@abde "...feel free to ask any questions!" I am content if you can redirect me to someone "adjacent" within your field, but is there any notion of "hydrodynamic simulation" within games? By this, I mean #Minecraft has a fixed ocean level, no tides. Rivers are created at the same level. "Erosion" is "Kinda-sorta" implemented in terrain generation. Ark:Survival Evolved's terrain is all human crafted with a water plane set for a given area. #Valheim, same as #Minecraft: Terrain generation with water at a set plane. SimCity iterations, same.
Would you know of work being done to have lakes over oceans, streams, flooding due to weather, tides, and so on? I would love to see this be more common in games featuring terrain generation.

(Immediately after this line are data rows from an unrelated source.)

(* Let $M$ be a strongly sofic monoid and let $A$ be a finite set. Then the monoid $\mathrm{CA}(M,A)$ is directly finite; in other words, $\mathrm{CA}(M,A)$ contains no submonoid isomorphic to the bicyclic monoid $\langle p,q : pq = 1\rangle$.
   Context: A monoid $M$ is strongly sofic if for every finite subset $K \subset M$ there exists an integer $\Delta_K \geq 1$ such that for every $\varepsilon > 0$ there exist a non-empty finite set $D$ and a map $\sigma \colon M \to \operatorname{Map}(D)$ (where $\operatorname{Map}(D)$ is the monoid of all maps $D \to D$ under composition) satisfying: (1) $\sigma(1_M) = \mathrm{Id}_D$; (2) $d_D^{\mathrm{Ham}}(\sigma(k_1k_2),\sigma(k_1)\sigma(k_2)) \leq \varepsilon$ for all $k_1,k_2 \in K$; (3) $d_D^{\mathrm{Ham}}(\sigma(k_1),\sigma(k_2)) \geq 1-\varepsilon$ for all distinct $k_1,k_2 \in K$; (4) $|\sigma(k)^{-1}(v)| \leq \Delta_K$ for all $k \in K$, $v \in D$. Here $d_D^{\mathrm{Ham}}(f,g) = \frac{1}{|D|}|\{v \in D : f(v) \neq g(v)\}|$. For a finite set $A$, $A^M$ is the set of maps $M \to A$ with the prodiscrete topology and shift action $(mx)(m') = x(m'm)$. $\mathrm{CA}(M,A)$ is the monoid (under composition) of all continuous $M$-equivariant maps $\tau \colon A^M \to A^M$ (cellular automata). A monoid is directly finite if $mm' = 1$ implies $m'm = 1$. *)

theory Defs
  imports "HOL-Analysis.Analysis"
begin

definition ham_dist :: "nat set \<Rightarrow> (nat \<Rightarrow> nat) \<Rightarrow> (nat \<Rightarrow> nat) \<Rightarrow> real" where
  "ham_dist D f g = real (card {v \<in> D. f v \<noteq> g v}) / real (card D)"

text \<open>Finite sets D are taken (w.l.o.g., up to
bijection) as finite subsets of nat; Map(D) is represented by functions nat => nat
mapping D into D (only their values on D matter).\<close>
definition strongly_sofic :: "'m::monoid_mult itself \<Rightarrow> bool" where
  "strongly_sofic _ \<longleftrightarrow>
    (\<forall>K::'m set. finite K \<longrightarrow>
      (\<exists>\<Delta>::nat. \<Delta> \<ge> 1 \<and>
        (\<forall>\<epsilon>::real. \<epsilon> > 0 \<longrightarrow>
          (\<exists>(D::nat set) (\<sigma>::'m \<Rightarrow> nat \<Rightarrow> nat).
             finite D \<and> D \<noteq> {} \<and>
             (\<forall>m. \<forall>v\<in>D. \<sigma> m v \<in> D) \<and>
             (\<forall>v\<in>D. \<sigma> 1 v = v) \<and>
             (\<forall>k1\<in>K. \<forall>k2\<in>K. ham_dist D (\<sigma> (k1 * k2)) (\<sigma> k1 \<circ> \<sigma> k2) \<le> \<epsilon>) \<and>
             (\<forall>k1\<in>K. \<forall>k2\<in>K. k1 \<noteq> k2 \<longrightarrow> ham_dist D (\<sigma> k1) (\<sigma> k2) \<ge> 1 - \<epsilon>) \<and>
             (\<forall>k\<in>K. \<forall>v\<in>D. card {u \<in> D. \<sigma> k u = v} \<le> \<Delta>)))))"

definition config_top :: "'m itself \<Rightarrow> 'a set \<Rightarrow> ('m \<Rightarrow> 'a) topology" where
  "config_top _ A = product_topology (\<lambda>_::'m. discrete_topology A) UNIV"

definition shift :: "'m::monoid_mult \<Rightarrow> ('m \<Rightarrow> 'a) \<Rightarrow> ('m \<Rightarrow> 'a)" where
  "shift m x = (\<lambda>m'. x (m' * m))"

definition CA :: "'m::monoid_mult itself \<Rightarrow> 'a set \<Rightarrow> (('m \<Rightarrow> 'a) \<Rightarrow> ('m \<Rightarrow> 'a)) set" where
  "CA M A = {\<tau>. continuous_map (config_top M A) (config_top M A) \<tau> \<and>
      (\<forall>m. \<forall>x \<in> topspace (config_top M A). \<tau> (shift m x) = shift m (\<tau> x))}"

text \<open>Direct finiteness of the monoid CA(M,A) under composition, with identity
Id_{A^M}; elements are maps A^M -> A^M, so equality is equality on A^M.\<close>
definition CA_directly_finite :: "'m::monoid_mult itself \<Rightarrow> 'a set \<Rightarrow> bool" where
  "CA_directly_finite M A \<longleftrightarrow>
    (\<forall>\<sigma> \<in> CA M A. \<forall>\<tau> \<in> CA M A.
       (\<forall>x \<in> topspace (config_top M A). \<sigma> (\<tau> x) = x) \<longrightarrow>
       (\<forall>x \<in> topspace (config_top M A). \<tau> (\<sigma> x) = x))"

end

(*
  If \<sigma> \<circ> \<tau> = id but \<tau> \<circ> \<sigma> \<noteq> id, then \<tau> is not surjective; its image is compact, hence
  closed, so some pattern p on a finite \<Omega> \<subseteq> M occurs in no configuration \<tau> x.  Take a sofic
  approximation of M on a finite K containing \<Omega> and memory sets of \<tau> and \<sigma>, and let \<tau>_D be
  the map on A^D obtained by running the local rule of \<tau> along it.  On the set G of vertices
  where the approximation is exact, \<sigma>_D inverts \<tau>_D, so \<tau>_D takes at least |A|^|G| values.
  On the other hand the \<Omega>-orbits of a bounded-degree independent set V \<subseteq> G are disjoint, and
  no value of \<tau>_D shows p on any of them, so there are at most
  |A|^(|D| - |V||\<Omega>|) (|A|^|\<Omega>| - 1)^|V| values.  Since |V| is a fixed fraction of |D| while
  |D - G| is an arbitrarily small fraction, the two bounds are incompatible.
*)
theory Submission
  imports Defs
begin

section \<open>Topology of the configuration space\<close>

lemma topspace_config_top: "topspace (config_top M A) = UNIV \<rightarrow> A"
  by (auto simp: config_top_def PiE_def Pi_def extensional_def)

lemma compact_space_config_top: "finite A \<Longrightarrow> compact_space (config_top M A)"
  by (simp add: config_top_def compact_space_product_topology compact_space_discrete_topology)

lemma Hausdorff_space_config_top: "Hausdorff_space (config_top M A)"
  by (simp add: config_top_def Hausdorff_space_product_topology)

lemma openin_config_top_cylinder:
  assumes "finite F" "x \<in> UNIV \<rightarrow> A"
  shows "openin (config_top M A) {y \<in> UNIV \<rightarrow> A. \<forall>i\<in>F. y i = x i}"
proof -
  have "{y \<in> UNIV \<rightarrow> A. \<forall>i\<in>F. y i = x i} = PiE UNIV (\<lambda>i. if i \<in> F then {x i} else A)"
    using assms(2) by (auto simp: PiE_def Pi_def extensional_def split: if_splits)
  moreover have "finite {i. (if i \<in> F then {x i} else A) \<noteq> A}"
    by (rule finite_subset[OF _ assms(1)]) auto
  ultimately show ?thesis
    using assms(2) by (auto simp: config_top_def openin_PiE_gen)
qed

lemma openin_config_top_contains_cylinder:
  assumes "openin (config_top M A) U" "x \<in> U"
  obtains F where "finite F" "\<And>y. y \<in> UNIV \<rightarrow> A \<Longrightarrow> \<forall>i\<in>F. y i = x i \<Longrightarrow> y \<in> U"
proof -
  obtain W where W: "finite {i. W i \<noteq> A}" "x \<in> PiE UNIV W" "PiE UNIV W \<subseteq> U"
    using assms unfolding config_top_def openin_product_topology_alt by fastforce
  show thesis
  proof (rule that[OF W(1)])
    fix y assume y: "y \<in> UNIV \<rightarrow> A" "\<forall>i\<in>{i. W i \<noteq> A}. y i = x i"
    have "y i \<in> W i" for i
      using y W(2) by (cases "W i = A") auto
    then show "y \<in> U" using W(3) by auto
  qed
qed

lemma continuous_map_discrete_finitely_determined:
  assumes "finite A" and f: "continuous_map (config_top TYPE('m) A) (discrete_topology B) f"
  obtains S where "finite S"
    "\<And>x y. x \<in> UNIV \<rightarrow> A \<Longrightarrow> y \<in> UNIV \<rightarrow> A \<Longrightarrow> \<forall>s\<in>S. x s = y s \<Longrightarrow> f x = f y"
proof -
  let ?X = "config_top TYPE('m) A"
  have "\<exists>F. finite F \<and> (\<forall>y\<in>UNIV \<rightarrow> A. (\<forall>i\<in>F. y i = x i) \<longrightarrow> f y = f x)"
    if x: "x \<in> UNIV \<rightarrow> A" for x
  proof -
    have "openin ?X {y \<in> topspace ?X. f y \<in> {f x}}"
      using f x by (intro openin_continuous_map_preimage[OF f])
        (auto simp: continuous_map_def topspace_config_top)
    then obtain F where "finite F" "\<And>y. y \<in> UNIV \<rightarrow> A \<Longrightarrow> \<forall>i\<in>F. y i = x i \<Longrightarrow> f y = f x"
      by (rule openin_config_top_contains_cylinder) (use x in \<open>auto simp: topspace_config_top\<close>)
    then show ?thesis by blast
  qed
  then obtain F where F: "\<And>x. x \<in> UNIV \<rightarrow> A \<Longrightarrow> finite (F x)"
    "\<And>x y. x \<in> UNIV \<rightarrow> A \<Longrightarrow> y \<in> UNIV \<rightarrow> A \<Longrightarrow> \<forall>i\<in>F x. y i = x i \<Longrightarrow> f y = f x"
    by metis
  define W where "W x = {y \<in> UNIV \<rightarrow> A. \<forall>i\<in>F x. y i = x i}" for x
  have "compactin ?X (topspace ?X)"
    using compact_space_config_top[OF \<open>finite A\<close>] by (simp add: compact_space_def)
  moreover have "\<forall>U\<in>W ` (UNIV \<rightarrow> A). openin ?X U"
    using F(1) by (auto simp: W_def intro!: openin_config_top_cylinder)
  moreover have "topspace ?X \<subseteq> \<Union> (W ` (UNIV \<rightarrow> A))"
    by (auto simp: topspace_config_top W_def)
  ultimately obtain C where C: "C \<subseteq> UNIV \<rightarrow> A" "finite C" "UNIV \<rightarrow> A \<subseteq> \<Union> (W ` C)"
    unfolding compactin_def topspace_config_top by (metis finite_subset_image)
  show thesis
  proof (rule that[of "\<Union> (F ` C)"])
    show "finite (\<Union> (F ` C))" using C F(1) by auto
    fix x y assume x: "x \<in> UNIV \<rightarrow> A" and y: "y \<in> UNIV \<rightarrow> A" and xy: "\<forall>s\<in>\<Union> (F ` C). x s = y s"
    from x C(3) obtain c where c: "c \<in> C" "x \<in> W c" by auto
    then have "f x = f c" using F(2) C(1) by (auto simp: W_def)
    also have "\<dots> = f y" using F(2)[of c y] c C(1) xy y by (auto simp: W_def)
    finally show "f x = f y" .
  qed
qed

lemma finite_pattern_outside_image:
  fixes f :: "('m \<Rightarrow> 'a) \<Rightarrow> 'n \<Rightarrow> 'b"
  assumes "finite A" and f: "continuous_map (config_top TYPE('m) A) (config_top TYPE('n) B) f"
    and y: "y \<in> UNIV \<rightarrow> B" "y \<notin> f ` (UNIV \<rightarrow> A)"
  obtains \<Omega> where "finite \<Omega>" "\<And>x. x \<in> UNIV \<rightarrow> A \<Longrightarrow> \<exists>\<omega>\<in>\<Omega>. f x \<omega> \<noteq> y \<omega>"
proof -
  let ?Y = "config_top TYPE('n) B"
  have "compactin ?Y (f ` (UNIV \<rightarrow> A))"
    using image_compactin[OF compact_space_config_top[OF \<open>finite A\<close>, unfolded compact_space_def] f]
    by (simp add: topspace_config_top)
  then have "openin ?Y (topspace ?Y - f ` (UNIV \<rightarrow> A))"
    using compactin_imp_closedin[OF Hausdorff_space_config_top] by blast
  then obtain \<Omega> where \<Omega>: "finite \<Omega>"
    "\<And>z. z \<in> UNIV \<rightarrow> B \<Longrightarrow> \<forall>i\<in>\<Omega>. z i = y i \<Longrightarrow> z \<in> topspace ?Y - f ` (UNIV \<rightarrow> A)"
    by (rule openin_config_top_contains_cylinder) (use y in \<open>auto simp: topspace_config_top\<close>)
  show thesis
  proof (rule that[OF \<Omega>(1)])
    fix x :: "'m \<Rightarrow> 'a" assume x: "x \<in> UNIV \<rightarrow> A"
    have "f x \<in> UNIV \<rightarrow> B"
      using f x by (auto simp: continuous_map_def topspace_config_top)
    then show "\<exists>\<omega>\<in>\<Omega>. f x \<omega> \<noteq> y \<omega>" using \<Omega>(2)[of "f x"] x by blast
  qed
qed

section \<open>Memory sets of cellular automata\<close>

definition memory_set :: "'a set \<Rightarrow> (('m::monoid_mult \<Rightarrow> 'a) \<Rightarrow> 'm \<Rightarrow> 'a) \<Rightarrow> 'm set \<Rightarrow> bool" where
  "memory_set A \<tau> S \<longleftrightarrow> finite S \<and>
     (\<forall>x\<in>UNIV \<rightarrow> A. \<forall>y\<in>UNIV \<rightarrow> A. (\<forall>s\<in>S. x s = y s) \<longrightarrow> \<tau> x 1 = \<tau> y 1)"

lemma CA_funcset: "\<tau> \<in> CA M A \<Longrightarrow> x \<in> UNIV \<rightarrow> A \<Longrightarrow> \<tau> x \<in> UNIV \<rightarrow> A"
  by (auto simp: CA_def continuous_map_def topspace_config_top)

lemma CA_shift: "\<tau> \<in> CA M A \<Longrightarrow> x \<in> UNIV \<rightarrow> A \<Longrightarrow> \<tau> (shift m x) = shift m (\<tau> x)"
  by (simp add: CA_def topspace_config_top)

@abde Thank you! I'm *far* from being in that business except as someone who plays games and thinks about terrain. I think such simulation may be "prohibitively expensive," but as that is *not* my wheelhouse, it's cool to ask someone for whom it *is.*
Basically, is dynamic hydrology "somewhere out in the future" for games? Is it *really* that expensive? Do developers figure it's simply not worth bothering with? Perhaps nobody would really notice?
I *will* say that #Valheim has the ocean behavior I only *WISH* Ark Survival had. #MInecraft, you can place water where you think it ought to be to create the appearance you are looking for in terrain. But... still, I don't know unless I ask. :)

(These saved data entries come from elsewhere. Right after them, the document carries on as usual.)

lemma nn_integral_gaussian_vector_exp_sum_squares:
  assumes "\<sigma> > 0"
  shows "(\<integral>\<^sup>+a. ennreal (exp ((\<Sum>i\<in>UNIV. (a i)^2) / (4 * \<sigma>^2)))
           \<partial>PiM (UNIV :: 'i::finite set) (\<lambda>_. gaussian \<sigma>)) = ennreal (sqrt 2 ^ CARD('i))"
proof -
  interpret product_sigma_finite "\<lambda>_::'i. gaussian \<sigma>"
    unfolding product_sigma_finite_def
    using prob_space_gaussian[OF assms] prob_space_imp_sigma_finite by blast
  have "(\<integral>\<^sup>+a. ennreal (exp ((\<Sum>i\<in>UNIV. (a i)^2) / (4 * \<sigma>^2))) \<partial>PiM UNIV (\<lambda>_::'i. gaussian \<sigma>))
      = (\<integral>\<^sup>+a. (\<Prod>i\<in>UNIV. ennreal (exp ((a i)^2 / (4 * \<sigma>^2)))) \<partial>PiM UNIV (\<lambda>_::'i. gaussian \<sigma>))"
    by (intro nn_integral_cong) (simp add: prod_ennreal sum_divide_distrib exp_sum)
  also have "\<dots> = (\<Prod>i\<in>(UNIV :: 'i set). \<integral>\<^sup>+x. ennreal (exp (x^2 / (4 * \<sigma>^2))) \<partial>gaussian \<sigma>)"
    by (rule product_nn_integral_prod) auto
  also have "\<dots> = ennreal (sqrt 2 ^ CARD('i))"
    by (simp add: nn_integral_gaussian_exp_square[OF assms] ennreal_power)
  finally show ?thesis .
qed

lemma gaussian_vector_L2_set_tail:
  fixes t :: real
  assumes "\<sigma> > 0" and "t \<ge> 0"
  defines "M \<equiv> PiM UNIV (\<lambda>_::'i::finite. gaussian \<sigma>)"
  shows "measure M {a \<in> space M. 2 * \<sigma> * (sqrt CARD('i) + sqrt t) \<le> L2_set a UNIV} \<le> exp (- t)"
proof -
  define n where "n = real CARD('i)"
  define S where "S a = (\<Sum>i\<in>UNIV. (a i)^2)" for a :: "'i \<Rightarrow> real"
  interpret prob_space M
    unfolding M_def by (intro prob_space_PiM prob_space_gaussian assms)
  have [measurable]: "S \<in> borel_measurable M"
    unfolding M_def S_def by measurable
  have "{a \<in> space M. 2 * \<sigma> * (sqrt n + sqrt t) \<le> L2_set a UNIV}
      \<subseteq> {a \<in> space M. 4 * \<sigma>^2 * (n + t) \<le> S a}"
  proof safe
    fix a :: "'i \<Rightarrow> real"
    assume "2 * \<sigma> * (sqrt n + sqrt t) \<le> L2_set a UNIV"
    have "4 * \<sigma>^2 * (n + t) \<le> 4 * \<sigma>^2 * (n + t + 2 * sqrt n * sqrt t)"
      using assms by (simp add: n_def)
    also have "\<dots> = (2 * \<sigma> * (sqrt n + sqrt t))^2"
      using \<open>t \<ge> 0\<close> by (simp add: n_def power2_eq_square algebra_simps)
    also have "\<dots> \<le> (L2_set a UNIV)^2"
      using \<open>2 * \<sigma> * (sqrt n + sqrt t) \<le> L2_set a UNIV\<close> assms
      by (intro power_mono) (auto simp: n_def)
    also have "\<dots> = S a"
      by (simp add: L2_set_def S_def sum_nonneg)
    finally show "4 * \<sigma>^2 * (n + t) \<le> S a" .
  qed
  then have "emeasure M {a \<in> space M. 2 * \<sigma> * (sqrt n + sqrt t) \<le> L2_set a UNIV}
      \<le> emeasure M {a \<in> space M. 4 * \<sigma>^2 * (n + t) \<le> S a}"
    by (intro emeasure_mono) measurable
  also have "\<dots> \<le> ennreal (exp (- (1 / (4 * \<sigma>^2)) * (4 * \<sigma>^2 * (n + t))))
      * (\<integral>\<^sup>+a. ennreal (exp (1 / (4 * \<sigma>^2) * S a)) * indicator (space M) a \<partial>M)"
    using \<open>\<sigma> > 0\<close> by (intro Chernoff_ineq_nn_integral_ge) auto
  also have "\<dots> = ennreal (exp (- (n + t))) * ennreal (sqrt 2 ^ CARD('i))"
    using nn_integral_gaussian_vector_exp_sum_squares[OF assms(1), where 'i='i] assms
    by (simp add: S_def M_def)
  also have "\<dots> \<le> ennreal (exp (- t))"
  proof -
    have "sqrt 2 \<le> 1 + 1"
      by (rule real_le_lsqrt) auto
    also have "\<dots> \<le> exp 1"
      by (rule exp_ge_add_one_self)
    finally have "sqrt 2 ^ CARD('i) \<le> exp 1 ^ CARD('i)"
      by (rule power_mono) simp
    also have "\<dots> = exp n"
      by (simp add: n_def flip: exp_of_nat_mult)
    finally have "exp (- (n + t)) * sqrt 2 ^ CARD('i) \<le> exp (- (n + t)) * exp n"
      by (rule mult_left_mono) simp
    also have "\<dots> = exp (- t)"
      by (simp flip: exp_add)
    finally show ?thesis
      by (simp add: ennreal_leI flip: ennreal_mult)
  qed
  finally show ?thesis
    by (simp add: n_def emeasure_eq_measure)
qed

lemma sets_gauss_matrix_law: "sets (gauss_matrix_law \<sigma>) = sets borel"
proof -
  have "sets (gauss_matrix_law \<sigma> :: (('m::finite \<times> 'd::finite) \<Rightarrow> real) measure)
      = sets (PiM UNIV (\<lambda>_. borel))"
    unfolding gauss_matrix_law_def by (rule sets_PiM_cong) auto
  also have "\<dots> = sets borel"
    by (rule sets_PiM_equal_borel)
  finally show ?thesis .
qed

lemma space_gauss_matrix_law [simp]: "space (gauss_matrix_law \<sigma>) = UNIV"
  by (simp add: gauss_matrix_law_def space_PiM)

theorem lemmaD3:
  fixes \<sigma>A :: real and b :: "real^'m::finite" and \<delta> :: real
  assumes "\<sigma>A > 0" and "0 < \<delta>" and "\<delta> < 1"
  shows "measure (gauss_matrix_law \<sigma>A :: (('m \<times> 'd::finite) \<Rightarrow> real) measure)
           {a \<in> space (gauss_matrix_law \<sigma>A).
              GS2 (relu_layer (to_matrix a) b)
                \<le> 2 * \<sigma>A * (sqrt (real (CARD('m) * CARD('d))) + sqrt (ln (1 / \<delta>)))}
         \<ge> 1 - \<delta>"
proof -
  define M where "M = (gauss_matrix_law \<sigma>A :: (('m \<times> 'd) \<Rightarrow> real) measure)"
  define R where "R = 2 * \<sigma>A * (sqrt (real (CARD('m) * CARD('d))) + sqrt (ln (1 / \<delta>)))"
  define G where "G = {a \<in> space M. GS2 (relu_layer (to_matrix a) b) \<le> R}"
  interpret prob_space M
    unfolding M_def gauss_matrix_law_def
    by (intro prob_space_PiM prob_space_gaussian \<open>\<sigma>A > 0\<close>)
  have "G \<in> sets M"
    using borel_closed[OF closed_GS2_relu_layer_le]
    by (simp add: G_def M_def sets_gauss_matrix_law)
  have tail_sets: "{a \<in> space M. R \<le> L2_set a UNIV} \<in> sets M"
    unfolding M_def gauss_matrix_law_def L2_set_def by measurable
  have "space M - G \<subseteq> {a \<in> space M. R \<le> L2_set a UNIV}"
  proof
    fix a assume "a \<in> space M - G"
    then have "R < GS2 (relu_layer (to_matrix a) b)"
      by (auto simp: G_def)
    also have "\<dots> \<le> L2_set a UNIV"
      using GS2_le_lipschitz_const[OF relu_layer_lipschitz] by (simp flip: norm_to_matrix)
    finally show "a \<in> {a \<in> space M. R \<le> L2_set a UNIV}"
      using \<open>a \<in> space M - G\<close> by simp
  qed
  then have "prob (space M - G) \<le> prob {a \<in> space M. R \<le> L2_set a UNIV}"
    using tail_sets by (rule finite_measure_mono)
  also have "\<dots> \<le> exp (- ln (1 / \<delta>))"
    using gaussian_vector_L2_set_tail[of \<sigma>A "ln (1 / \<delta>)", where 'i="'m \<times> 'd"] assms
    by (simp add: M_def R_def gauss_matrix_law_def)
  also have "\<dots> = \<delta>"
    using assms by (simp add: ln_div exp_minus)
  finally show ?thesis
    using prob_compl[OF \<open>G \<in> sets M\<close>] by (simp add: G_def M_def R_def)
qed

end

@Romaq Well, now I have some time.
The thing is that I'm not a scientist in #geography or #geology, so I don't think I can help, but here are my assumptions with a #computerscience approach.

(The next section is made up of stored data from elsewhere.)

lemma positionable_iff:
  "positionable V E X u v \<longleftrightarrow>
     (\<forall>w\<in>X. (\<exists>P. is_shortest_path V E u v P \<and> w \<in> set P) \<longrightarrow> w = u \<or> w = v)"
  unfolding positionable_def by blast

text \<open>A walk lists its vertices, so a geodesic from u to v has Suc (d u v) entries.\<close>

locale graph_distance =
  fixes V :: "'a set" and E :: "'a \<Rightarrow> 'a \<Rightarrow> bool" and d :: "'a \<Rightarrow> 'a \<Rightarrow> nat"
  assumes dist_self: "u \<in> V \<Longrightarrow> d u u = 0"
    and dist_edge: "E u v \<Longrightarrow> w \<in> V \<Longrightarrow> d u w \<le> Suc (d v w)"
    and geodesic_exists: "u \<in> V \<Longrightarrow> v \<in> V \<Longrightarrow> \<exists>P. is_uv_walk V E u v P \<and> length P = Suc (d u v)"
begin

lemma dist_less_walk_length: "is_walk V E P \<Longrightarrow> d (hd P) (last P) < length P"
proof (induction P rule: induct_list012)
  case (3 x y P)
  then have edge: "E x y" and walk: "is_walk V E (y # P)"
    by simp_all
  then have "last (y # P) \<in> V"
    unfolding is_walk_def using last_in_set by blast
  with edge have "d x (last (y # P)) \<le> Suc (d y (last (y # P)))"
    by (rule dist_edge)
  moreover have "d y (last (y # P)) < length (y # P)"
    using "3.IH" walk by simp
  ultimately show ?case
    by simp
qed (simp_all add: dist_self is_walk_def)

lemma shortest_path_iff:
  "is_shortest_path V E u v P \<longleftrightarrow> is_uv_walk V E u v P \<and> length P = Suc (d u v)"
proof
  assume P: "is_shortest_path V E u v P"
  then have walk: "is_uv_walk V E u v P"
    by (simp add: is_shortest_path_def)
  then have "u \<in> V" "v \<in> V"
    by (simp_all add: is_uv_walk_endpoints)
  then obtain Q where "is_uv_walk V E u v Q" "length Q = Suc (d u v)"
    using geodesic_exists by blast
  with P have "length P \<le> Suc (d u v)"
    by (metis is_shortest_path_def)
  moreover have "d u v < length P"
    using walk dist_less_walk_length by (auto simp: is_uv_walk_def)
  ultimately show "is_uv_walk V E u v P \<and> length P = Suc (d u v)"
    using walk by simp
next
  assume P: "is_uv_walk V E u v P \<and> length P = Suc (d u v)"
  have "length P \<le> length Q" if "is_uv_walk V E u v Q" for Q
    using dist_less_walk_length[of Q] that P by (simp add: is_uv_walk_def)
  with P show "is_shortest_path V E u v P"
    by (simp add: is_shortest_path_def)
qed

What I can see about that is that it can be challenging to have different "bodies of water" with different heights, tides, etc... The thing is that when you have a fixed value for things in general, you don't have to do tests about things that can be underwater or not...
"if position.y < water_level: swimming"
If you start adding more complex bodies of water, you can have to implement #collision detection which can be pretty expensive.
In #gamedev in general we rarely use real simulations, so we try to model things in a simple way to make it performant and make it "look good" with transformations on water, etc.you can check how Sea of Thieves deals with water:
https://www.youtube.com/watch?v=EMb_FUmr0Ts
#seaofthieves has the effects you look for like tides etc.
There are many problems and challenges also with #multiplayer games and #physics. How would you synchronise something at a large scale like the global state of the water?
I hope I gave you a little glance of what I think about all this!
@abde Thank you for your time. Overall, the reason I doubt we are in a "simulation" is because there are so many incredible (if completely useless from a practical perspective) complex, interconnected relationships... and what would be the point for a game?
I think #dwarffortress has this to some extent... I've just not played with it recently. But of course, DF is on an entirely different level.
@Romaq this is a complex question, I would be glad to answer it tomorrow evening! Not an expert, but can give some tips.